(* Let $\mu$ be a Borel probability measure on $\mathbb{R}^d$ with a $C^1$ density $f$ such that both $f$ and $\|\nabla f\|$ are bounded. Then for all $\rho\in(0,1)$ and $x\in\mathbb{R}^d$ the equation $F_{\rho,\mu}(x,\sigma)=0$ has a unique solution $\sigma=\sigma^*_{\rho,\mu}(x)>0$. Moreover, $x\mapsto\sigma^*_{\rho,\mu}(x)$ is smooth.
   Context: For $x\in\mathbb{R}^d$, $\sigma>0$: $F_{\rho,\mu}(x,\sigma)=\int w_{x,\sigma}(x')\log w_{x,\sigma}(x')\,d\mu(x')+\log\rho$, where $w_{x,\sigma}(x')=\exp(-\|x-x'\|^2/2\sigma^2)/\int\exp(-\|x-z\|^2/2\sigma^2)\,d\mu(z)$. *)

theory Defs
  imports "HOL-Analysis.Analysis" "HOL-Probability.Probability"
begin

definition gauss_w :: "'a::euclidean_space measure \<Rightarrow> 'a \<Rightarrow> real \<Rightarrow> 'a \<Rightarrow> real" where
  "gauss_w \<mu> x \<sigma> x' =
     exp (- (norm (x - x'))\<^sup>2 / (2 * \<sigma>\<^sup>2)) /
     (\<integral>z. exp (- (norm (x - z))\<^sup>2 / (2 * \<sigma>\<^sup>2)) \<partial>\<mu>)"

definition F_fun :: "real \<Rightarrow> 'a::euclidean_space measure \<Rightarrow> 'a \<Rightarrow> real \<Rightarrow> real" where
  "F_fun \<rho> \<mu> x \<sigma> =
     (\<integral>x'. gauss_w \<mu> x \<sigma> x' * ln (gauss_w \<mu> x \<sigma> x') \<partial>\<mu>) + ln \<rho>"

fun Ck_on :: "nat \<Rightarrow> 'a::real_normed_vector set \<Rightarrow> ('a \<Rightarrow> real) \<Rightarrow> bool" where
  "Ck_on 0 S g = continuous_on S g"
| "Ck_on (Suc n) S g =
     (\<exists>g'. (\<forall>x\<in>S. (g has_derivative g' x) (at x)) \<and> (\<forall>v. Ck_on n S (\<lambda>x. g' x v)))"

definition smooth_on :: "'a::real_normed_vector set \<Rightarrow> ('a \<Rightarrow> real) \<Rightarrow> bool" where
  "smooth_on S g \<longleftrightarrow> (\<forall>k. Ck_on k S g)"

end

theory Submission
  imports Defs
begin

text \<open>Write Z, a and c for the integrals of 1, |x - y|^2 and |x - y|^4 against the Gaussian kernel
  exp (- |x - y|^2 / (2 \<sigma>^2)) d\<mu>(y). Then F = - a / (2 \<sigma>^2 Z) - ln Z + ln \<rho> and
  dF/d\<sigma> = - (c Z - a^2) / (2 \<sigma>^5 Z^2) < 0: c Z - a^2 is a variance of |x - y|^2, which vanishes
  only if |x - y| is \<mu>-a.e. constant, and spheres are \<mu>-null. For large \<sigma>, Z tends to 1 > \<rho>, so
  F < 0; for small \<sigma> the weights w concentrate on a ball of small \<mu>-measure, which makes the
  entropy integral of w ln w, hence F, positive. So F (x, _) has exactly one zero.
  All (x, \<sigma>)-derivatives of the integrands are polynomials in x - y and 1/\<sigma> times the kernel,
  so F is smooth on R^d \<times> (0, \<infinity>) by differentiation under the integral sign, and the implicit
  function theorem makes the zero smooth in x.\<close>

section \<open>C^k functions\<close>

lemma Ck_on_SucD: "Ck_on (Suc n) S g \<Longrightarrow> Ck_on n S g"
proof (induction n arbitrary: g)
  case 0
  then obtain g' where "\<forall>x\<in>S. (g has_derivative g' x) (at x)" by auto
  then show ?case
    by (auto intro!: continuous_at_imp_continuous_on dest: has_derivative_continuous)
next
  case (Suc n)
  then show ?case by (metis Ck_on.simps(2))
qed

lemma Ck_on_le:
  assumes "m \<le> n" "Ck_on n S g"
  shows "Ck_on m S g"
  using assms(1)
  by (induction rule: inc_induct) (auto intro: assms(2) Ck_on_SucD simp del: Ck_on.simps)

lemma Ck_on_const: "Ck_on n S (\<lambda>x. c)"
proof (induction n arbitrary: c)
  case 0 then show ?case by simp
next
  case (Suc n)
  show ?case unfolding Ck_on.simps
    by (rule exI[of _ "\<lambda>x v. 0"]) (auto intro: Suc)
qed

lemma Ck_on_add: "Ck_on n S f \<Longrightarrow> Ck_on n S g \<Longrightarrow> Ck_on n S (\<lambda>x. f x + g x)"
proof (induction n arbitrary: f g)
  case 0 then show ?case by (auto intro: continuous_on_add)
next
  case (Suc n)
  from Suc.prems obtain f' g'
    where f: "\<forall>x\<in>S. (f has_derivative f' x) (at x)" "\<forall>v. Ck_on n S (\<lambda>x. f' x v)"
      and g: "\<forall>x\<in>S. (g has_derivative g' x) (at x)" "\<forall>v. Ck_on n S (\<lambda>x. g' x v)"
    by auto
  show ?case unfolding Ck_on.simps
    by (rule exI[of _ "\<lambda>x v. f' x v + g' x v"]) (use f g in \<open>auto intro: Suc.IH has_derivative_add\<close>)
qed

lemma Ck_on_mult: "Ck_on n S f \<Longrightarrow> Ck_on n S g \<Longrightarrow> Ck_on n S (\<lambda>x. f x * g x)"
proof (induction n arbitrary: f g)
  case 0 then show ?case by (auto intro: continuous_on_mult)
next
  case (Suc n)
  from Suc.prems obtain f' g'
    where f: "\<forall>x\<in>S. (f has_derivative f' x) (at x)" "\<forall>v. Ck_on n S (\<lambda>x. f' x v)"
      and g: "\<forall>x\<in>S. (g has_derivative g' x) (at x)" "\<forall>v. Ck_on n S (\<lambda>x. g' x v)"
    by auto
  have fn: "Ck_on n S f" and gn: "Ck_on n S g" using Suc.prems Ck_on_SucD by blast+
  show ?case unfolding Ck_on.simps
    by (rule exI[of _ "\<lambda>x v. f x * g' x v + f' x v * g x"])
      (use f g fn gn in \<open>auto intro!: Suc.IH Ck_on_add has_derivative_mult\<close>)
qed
***
Work to be completed: Where the string "close" appears in a line of the entries above, return that line.

Result for this exercise:
  function theorem makes the zero smooth in x.\<close>
section \<open>C^k functions\<close>
    by (rule exI[of _ "\<lambda>x v. f' x v + g' x v"]) (use f g in \<open>auto intro: Suc.IH has_derivative_add\<close>)
      (use f g fn gn in \<open>auto intro!: Suc.IH Ck_on_add has_derivative_mult\<close>)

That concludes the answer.